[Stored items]

· · · · · · ·

definition rep_shift :: "('w \<Rightarrow> 'w) \<Rightarrow> 'w set \<Rightarrow> 'w set set \<Rightarrow> 'w set \<Rightarrow> 'w set set \<Rightarrow> bool" where
  "rep_shift f W F W' F' \<longleftrightarrow> f ` W = W' \<and> (\<forall>B\<in>F'. f -` B \<inter> W \<in> F)"

definition pushforward :: "('w \<Rightarrow> 'w) \<Rightarrow> 'w set \<Rightarrow> 'w set set \<Rightarrow> ('w set \<Rightarrow> real) \<Rightarrow> ('w set \<Rightarrow> real)" where
  "pushforward f W F' P = (\<lambda>A. if A \<in> F' then P (f -` A \<inter> W) else 0)"

definition P1 :: "'w upd_family \<Rightarrow> bool" where
  "P1 Upd \<longleftrightarrow> (\<forall>W F X B. algebra W F \<longrightarrow> X \<subseteq> prob_measures W F \<longrightarrow> B \<in> F \<longrightarrow>
      Upd W F X B \<subseteq> {P \<in> prob_measures W F. P B = 1})"

definition P2 :: "'w upd_family \<Rightarrow> bool" where
  "P2 Upd \<longleftrightarrow> (\<forall>W F W' F' f X B. algebra W F \<longrightarrow> algebra W' F' \<longrightarrow>
      rep_shift f W F W' F' \<longrightarrow> X \<subseteq> prob_measures W F \<longrightarrow> B \<in> F' \<longrightarrow>
      Upd W' F' (pushforward f W F' ` X) B =
        pushforward f W F' ` Upd W F X (f -` B \<inter> W))"

end

theory Submission
  imports Defs "HOL-Analysis.Kronecker_Approximation_Theorem"
begin

text \<open>
  Suppose every update of \<open>Pr\<close> by \<open>B\<close> gives \<open>A\<close> probability at most \<open>a = Pr(A|B)\<close>. By P2 we may
  pass to the three atoms \<open>x = A \<inter> B\<close>, \<open>y = B - A\<close>, \<open>t = W - B\<close>. There we refine: for \<open>N > 0\<close> and
  \<open>k = \<lfloor>N a\<rfloor>\<close> take \<open>N\<close> points of weight \<open>\<mu> = Pr(B - A) / (N - k)\<close>, one of weight
  \<open>Pr(A \<inter> B) - k \<mu>\<close> and one of weight \<open>Pr(W - B)\<close>. The \<open>n\<close>-th of \<open>N\<close> rotations sends a cyclic
  window of \<open>k\<close> of the \<open>N\<close> points, and the point of weight \<open>Pr(A \<inter> B) - k \<mu>\<close>, to \<open>x\<close>, the
  other \<open>N - k\<close> points to \<open>y\<close> and the last point to \<open>t\<close>. Every rotation pushes the refined prior to the coarse one and pulls
  \<open>B\<close> back to the same event, so by P2 a single update \<open>R\<close> of the refined prior yields \<open>N\<close> updates
  of the coarse prior. By P1, \<open>R\<close> lives on that event, each of whose points is sent to \<open>x\<close> by at
  least \<open>k\<close> rotations; hence the \<open>x\<close>-masses of the \<open>N\<close> updates sum to at least \<open>k\<close>. All of them
  are at most \<open>a\<close>, so each is at least \<open>k - (N - 1) a\<close>, which is close to \<open>a\<close> once \<open>N a\<close> is close
  above an integer. Thus every update gives \<open>A \<inter> B\<close> mass at least \<open>a\<close>, contradicting \<open>Pr'\<close>.
\<close>

lemma prob_measures_nonneg: "P \<in> prob_measures W F \<Longrightarrow> A \<in> F \<Longrightarrow> 0 \<le> P A"
  unfolding prob_measures_def by blast

lemma prob_measures_space: "P \<in> prob_measures W F \<Longrightarrow> P W = 1"
  unfolding prob_measures_def by blast

lemma prob_measures_additive:
  "P \<in> prob_measures W F \<Longrightarrow> A \<in> F \<Longrightarrow> B \<in> F \<Longrightarrow> A \<inter> B = {} \<Longrightarrow> P (A \<union> B) = P A + P B"
  unfolding prob_measures_def by blast

lemma prob_measures_Int_Diff:
  assumes "algebra W F" "P \<in> prob_measures W F" "A \<in> F" "B \<in> F"
  shows "P A = P (A \<inter> B) + P (A - B)"
proof -
  interpret algebra W F by fact
  have "P ((A \<inter> B) \<union> (A - B)) = P (A \<inter> B) + P (A - B)"
    using assms by (intro prob_measures_additive) auto
  moreover have "(A \<inter> B) \<union> (A - B) = A" by blast
  ultimately show ?thesis by simp
qed

lemma prob_measures_empty:
  assumes "algebra W F" "P \<in> prob_measures W F"
  shows "P {} = 0"
proof -
  interpret algebra W F by fact
  show ?thesis using prob_measures_Int_Diff[OF assms, of "{}" "{}"] by simp
qed

lemma prob_measures_Int_le:
  assumes "algebra W F" "P \<in> prob_measures W F" "A \<in> F" "B \<in> F"
  shows "P (A \<inter> B) \<le> P A"
proof -
  interpret algebra W F by fact
  show ?thesis using prob_measures_Int_Diff[OF assms] prob_measures_nonneg[OF assms(2) Diff[OF assms(3,4)]]
    by simp
qed
(* Let $\alpha\in(0,1)$, let $X_1,X_2,\dots$ be i.i.d. real random variables with distribution function $F$, and assume $F$ has a unique $\alpha$-quantile $q_\alpha=F^{-1}(\alpha)$. Let $F_k$ be the empirical distribution function of $X_1,\dots,X_k$ and $F_k^{-1}(\alpha):=\inf\{t:F_k(t)\ge\alpha\}$. Put $d(x):=\min\{F(q_\alpha+x)-\alpha,\ \alpha-F(q_\alpha-x)\}$. Then $d(x)>0$ for all $x>0$ and for every $n\in\mathbb N$, $$\mathbb P\Big(\sup_{k\ge n}|F_k^{-1}(\alpha)-q_\alpha|>x\Big)\le 2e^{-2n\,d(x)^2}\qquad\forall x>0.$$
   Context: The $\alpha$-quantiles of $F$ are the points $q$ with $F(q-)\le\alpha\le F(q)$, where $F(q-)$ denotes the left limit of $F$ at $q$. *)

theory Defs
  imports "HOL-Probability.Probability"
begin

definition left_lim :: "(real \<Rightarrow> real) \<Rightarrow> real \<Rightarrow> real" where
  "left_lim F q = Lim (at_left q) F"

definition is_quantile :: "(real \<Rightarrow> real) \<Rightarrow> real \<Rightarrow> real \<Rightarrow> bool" where
  "is_quantile F \<alpha> q \<longleftrightarrow> left_lim F q \<le> \<alpha> \<and> \<alpha> \<le> F q"

text \<open>Empirical distribution function of the first k observations X 0, ..., X (k-1)
  (the paper's X_1, ..., X_k).\<close>
definition emp_cdf :: "(nat \<Rightarrow> 'a \<Rightarrow> real) \<Rightarrow> nat \<Rightarrow> 'a \<Rightarrow> real \<Rightarrow> real" where
  "emp_cdf X k \<omega> t = real (card {i. i < k \<and> X i \<omega> \<le> t}) / real k"

definition emp_quantile :: "(nat \<Rightarrow> 'a \<Rightarrow> real) \<Rightarrow> nat \<Rightarrow> real \<Rightarrow> 'a \<Rightarrow> real" where
  "emp_quantile X k \<alpha> \<omega> = Inf {t. emp_cdf X k \<omega> t \<ge> \<alpha>}"

end

theory Submission
  imports Defs
begin

text \<open>
  If \<open>|F\<^sub>k\<^sup>-\<^sup>1(\<alpha>) - q\<^sub>\<alpha>| > x\<close>, then either \<open>F\<^sub>k(q\<^sub>\<alpha> + x) < \<alpha> \<le> F(q\<^sub>\<alpha> + x) - d(x)\<close> or
  \<open>F\<^sub>k(q\<^sub>\<alpha> - x) \<ge> \<alpha> \<ge> F(q\<^sub>\<alpha> - x) + d(x)\<close>, so both tails reduce to deviations of the empirical
  distribution function at a fixed point, i.e. of a sum of i.i.d. indicators. For such sums the
  exponentially tilted and normalised partial products form a nonnegative product martingale;
  Hoeffding's lemma bounds the normalisers, and Ville's maximal inequality
  \<open>P(\<exists>k. M\<^sub>k \<ge> c) \<le> 1/c\<close> controls all \<open>k \<ge> n\<close> at once, giving \<open>exp(-2n d(x)\<^sup>2)\<close> per tail.
  Positivity of \<open>d(x)\<close> is the uniqueness of the \<open>\<alpha>\<close>-quantile.
\<close>

lemma prod_exp_tilt_lower_bound:
  fixes z m :: "nat \<Rightarrow> real" and l \<mu> :: real
  assumes m_pos: "\<And>i. 0 < m i" and m_le: "\<And>i. m i \<le> exp (l\<^sup>2 / 8)"
  shows "exp (l * (real k * \<mu> - (\<Sum>i<k. z i)) - real k * (l\<^sup>2 / 8))
    \<le> (\<Prod>i<k. exp (l * (\<mu> - z i)) / m i)"
proof -
  have "(\<Prod>i<k. m i) \<le> (\<Prod>i<k. exp (l\<^sup>2 / 8))"
    by (intro prod_mono) (auto simp: m_le less_imp_le[OF m_pos])
  also have "\<dots> = exp (real k * (l\<^sup>2 / 8))"
    by (simp add: exp_of_nat_mult[symmetric])
  finally have prod_m_le: "(\<Prod>i<k. m i) \<le> exp (real k * (l\<^sup>2 / 8))" .
  have sum_eq: "(\<Sum>i<k. l * (\<mu> - z i)) = l * (real k * \<mu> - (\<Sum>i<k. z i))"
    by (simp add: sum_distrib_left[symmetric] sum_subtractf)
  have "exp (l * (real k * \<mu> - (\<Sum>i<k. z i)) - real k * (l\<^sup>2 / 8))
      = exp (l * (real k * \<mu> - (\<Sum>i<k. z i))) / exp (real k * (l\<^sup>2 / 8))"
    by (rule exp_diff)
  also have "\<dots> \<le> exp (l * (real k * \<mu> - (\<Sum>i<k. z i))) / (\<Prod>i<k. m i)"
  proof (rule divide_left_mono)
    show "0 < exp (real k * (l\<^sup>2 / 8)) * (\<Prod>i<k. m i)"
      by (intro mult_pos_pos exp_gt_zero prod_pos) (simp add: m_pos)
  qed (fact prod_m_le, simp)
  also have "exp (l * (real k * \<mu> - (\<Sum>i<k. z i))) = (\<Prod>i<k. exp (l * (\<mu> - z i)))"
    by (simp flip: sum_eq exp_sum)
  also have "(\<Prod>i<k. exp (l * (\<mu> - z i))) / (\<Prod>i<k. m i) = (\<Prod>i<k. exp (l * (\<mu> - z i)) / m i)"
    by (rule prod_dividef[symmetric])
  finally show ?thesis .
qed

text \<open>The tilt \<open>4\<delta>\<close> maximises \<open>l\<delta> - l\<^sup>2/8\<close>, the exponent gained per step.\<close>

lemma prod_exp_tilt_ge_if_sum_le:
  fixes z m :: "nat \<Rightarrow> real" and \<mu> \<delta> :: real
  assumes m_pos: "\<And>i. 0 < m i" and m_le: "\<And>i. m i \<le> exp ((4 * \<delta>)\<^sup>2 / 8)"
    and "0 \<le> \<delta>" and "n \<le> k" and sum_le: "(\<Sum>i<k. z i) \<le> real k * (\<mu> - \<delta>)"
  shows "exp (2 * real n * \<delta>\<^sup>2) \<le> (\<Prod>i<k. exp (4 * \<delta> * (\<mu> - z i)) / m i)"
proof -
  have "real k * \<delta> \<le> real k * \<mu> - (\<Sum>i<k. z i)"
    using sum_le by (simp add: algebra_simps)
  then have gain: "4 * \<delta> * (real k * \<delta>) \<le> 4 * \<delta> * (real k * \<mu> - (\<Sum>i<k. z i))"
    using \<open>0 \<le> \<delta>\<close> by (intro mult_left_mono) auto
  have "2 * real n * \<delta>\<^sup>2 \<le> 2 * real k * \<delta>\<^sup>2"
    using \<open>n \<le> k\<close> by (intro mult_right_mono) auto
  also have "\<dots> = 4 * \<delta> * (real k * \<delta>) - real k * ((4 * \<delta>)\<^sup>2 / 8)"
    by (simp add: power2_eq_square algebra_simps)
  also have "\<dots> \<le> 4 * \<delta> * (real k * \<mu> - (\<Sum>i<k. z i)) - real k * ((4 * \<delta>)\<^sup>2 / 8)"
    using gain by simp
  finally have "exp (2 * real n * \<delta>\<^sup>2)
      \<le> exp (4 * \<delta> * (real k * \<mu> - (\<Sum>i<k. z i)) - real k * ((4 * \<delta>)\<^sup>2 / 8))"
    by simp
  also have "\<dots> \<le> (\<Prod>i<k. exp (4 * \<delta> * (\<mu> - z i)) / m i)"
    by (rule prod_exp_tilt_lower_bound[OF m_pos m_le])
  finally show ?thesis .
qed

lemma sum_first_passage:
  fixes p :: "nat \<Rightarrow> 'b::linorder"
  shows "(\<Sum>k\<le>N. of_bool (c \<le> p k \<and> (\<forall>j<k. p j < c)) :: real) = of_bool (\<exists>k\<le>N. c \<le> p k)"
proof (cases "\<exists>k\<le>N. c \<le> p k")
  case True
  define k\<^sub>0 where "k\<^sub>0 = (LEAST k. c \<le> p k)"
  have "c \<le> p k\<^sub>0" unfolding k\<^sub>0_def using True by (auto intro: LeastI)
  have "k\<^sub>0 \<le> N" using True unfolding k\<^sub>0_def by (auto intro: Least_le order.trans)
  have first: "c \<le> p k \<and> (\<forall>j<k. p j < c) \<longleftrightarrow> k = k\<^sub>0" for k
  proof
    assume k: "c \<le> p k \<and> (\<forall>j<k. p j < c)"
    show "k = k\<^sub>0" unfolding k\<^sub>0_def
    proof (rule Least_equality[symmetric])
      show "c \<le> p k" using k by blast
      fix y assume "c \<le> p y"
      then have "\<not> p y < c" by (blast dest: leD)
      then show "k \<le> y" using k by (meson not_le)
    qed
  next
    assume "k = k\<^sub>0"
    moreover have "p j < c" if "j < k\<^sub>0" for j
      using not_less_Least[of j "\<lambda>k. c \<le> p k"] that unfolding k\<^sub>0_def by (simp add: not_le)
    ultimately show "c \<le> p k \<and> (\<forall>j<k. p j < c)"
      using \<open>c \<le> p k\<^sub>0\<close> by blast
  qed
  show ?thesis using True \<open>k\<^sub>0 \<le> N\<close> by (simp add: first)
next
  case False
  then show ?thesis by (auto intro: sum.neutral)
qed

context prob_space
begin
(* Let $(M,d)$ be a complete metric space and $X\subseteq M$ compact. Assume that every $\mu\in P(X)$ admits a barycenter in $M$, that $Y=conv(X)$ is compact, and that at least one variance maximizing $\mu\in P(X)$ has a unique barycenter. Then the circumcenter of $X$ in $M$, which lies in $Y$, is unique.
   Context: $P(\cdot)$ denotes Borel probability measures. $Var(\mu)=\inf_{y\in M}\int_X d^2(x,y)\,d\mu(x)$, a barycenter of $\mu$ is a point of $M$ attaining this infimum, and a variance maximizing measure is a maximizer of $Var$ over $P(X)$. $conv(X)$ is the set of all barycenters of measures in $P(X)$. The circumradius of $X$ is $R=\inf_{y\in M}\sup_{x\in X}d(x,y)$, and a circumcenter of $X$ is a point $y\in M$ with $X\subseteq\bar B(y,R)$, where $\bar B(y,R)$ is the closed ball of radius $R$ about $y$. *)

theory Defs
  imports "HOL-Probability.Probability"
begin

text \<open>The complete metric space (M,d) is the whole type 'a (class metric_space + complete_space).
  P(X): Borel probability measures on M concentrated on X.\<close>

definition probs :: "'a::metric_space set \<Rightarrow> 'a measure set" where
  "probs X = {\<mu>. prob_space \<mu> \<and> sets \<mu> = sets borel \<and> emeasure \<mu> X = 1}"

definition var_at :: "'a::metric_space measure \<Rightarrow> 'a \<Rightarrow> real" where
  "var_at \<mu> y = (\<integral>x. (dist x y)\<^sup>2 \<partial>\<mu>)"

definition Var :: "'a::metric_space measure \<Rightarrow> real" where
  "Var \<mu> = (INF y. var_at \<mu> y)"

definition barycenter :: "'a::metric_space measure \<Rightarrow> 'a \<Rightarrow> bool" where
  "barycenter \<mu> y \<longleftrightarrow> var_at \<mu> y = Var \<mu>"

definition var_max :: "'a::metric_space set \<Rightarrow> 'a measure \<Rightarrow> bool" where
  "var_max X \<mu> \<longleftrightarrow> \<mu> \<in> probs X \<and> (\<forall>\<nu>\<in>probs X. Var \<nu> \<le> Var \<mu>)"

definition conv_bary :: "'a::metric_space set \<Rightarrow> 'a set" where
  "conv_bary X = {y. \<exists>\<mu>\<in>probs X. barycenter \<mu> y}"

definition circumradius :: "'a::metric_space set \<Rightarrow> real" where
  "circumradius X = (INF y. SUP x\<in>X. dist x y)"

definition circumcenter :: "'a::metric_space set \<Rightarrow> 'a \<Rightarrow> bool" where
  "circumcenter X y \<longleftrightarrow> X \<subseteq> cball y (circumradius X)"

end

theory Submission
  imports Defs
begin

(* Let \<mu> be variance maximizing with unique barycenter b, and V = Var \<mu>.  For x \<in> X the
   mixtures t \<delta>_x + (1 - t) \<mu> have variance at most V; at a barycenter y_t of such a mixture
   this reads t d(x,y_t)^2 + (1 - t) var_\<mu>(y_t) \<le> V \<le> var_\<mu>(y_t), so that both d(x,y_t)^2 and
   var_\<mu>(y_t) are at most V / (1 - t).  A limit point of the y_t as t \<rightarrow> 0 in the compact set
   conv(X) is then a barycenter of \<mu>, i.e. b, and X \<subseteq> cball b (sqrt V).  Conversely
   sup_x d(x,y) \<ge> sqrt (var_\<mu>(y)) \<ge> sqrt V for every y, so the circumradius is sqrt V, b is a
   circumcenter, and every circumcenter c satisfies var_\<mu>(c) \<le> V, whence c = b. *)

lemma AE_mem_probs:
  assumes "\<nu> \<in> probs X"
  shows "AE x in \<nu>. x \<in> X"
proof -
  have p: "prob_space \<nu>" and e: "emeasure \<nu> X = 1"
    using assms by (auto simp: probs_def)
  then have "X \<in> sets \<nu>" using emeasure_notin_sets by fastforce
  moreover have "measure \<nu> X = 1" using e by (simp add: measure_def)
  ultimately show ?thesis using prob_space.AE_prob_1[OF p] by blast
qed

· · · · · · ·

# What the task requires:
Return a word-for-word copy of the lines above from the one holding "Context: The $\alpha$-quantiles" through the one holding "text \<open>Empirical distribution", with both of them included and nothing besides.

# Written solution:
   Context: The $\alpha$-quantiles of $F$ are the points $q$ with $F(q-)\le\alpha\le F(q)$, where $F(q-)$ denotes the left limit of $F$ at $q$. *)

theory Defs
  imports "HOL-Probability.Probability"
begin

definition left_lim :: "(real \<Rightarrow> real) \<Rightarrow> real \<Rightarrow> real" where
  "left_lim F q = Lim (at_left q) F"

definition is_quantile :: "(real \<Rightarrow> real) \<Rightarrow> real \<Rightarrow> real \<Rightarrow> bool" where
  "is_quantile F \<alpha> q \<longleftrightarrow> left_lim F q \<le> \<alpha> \<and> \<alpha> \<le> F q"

text \<open>Empirical distribution function of the first k observations X 0, ..., X (k-1)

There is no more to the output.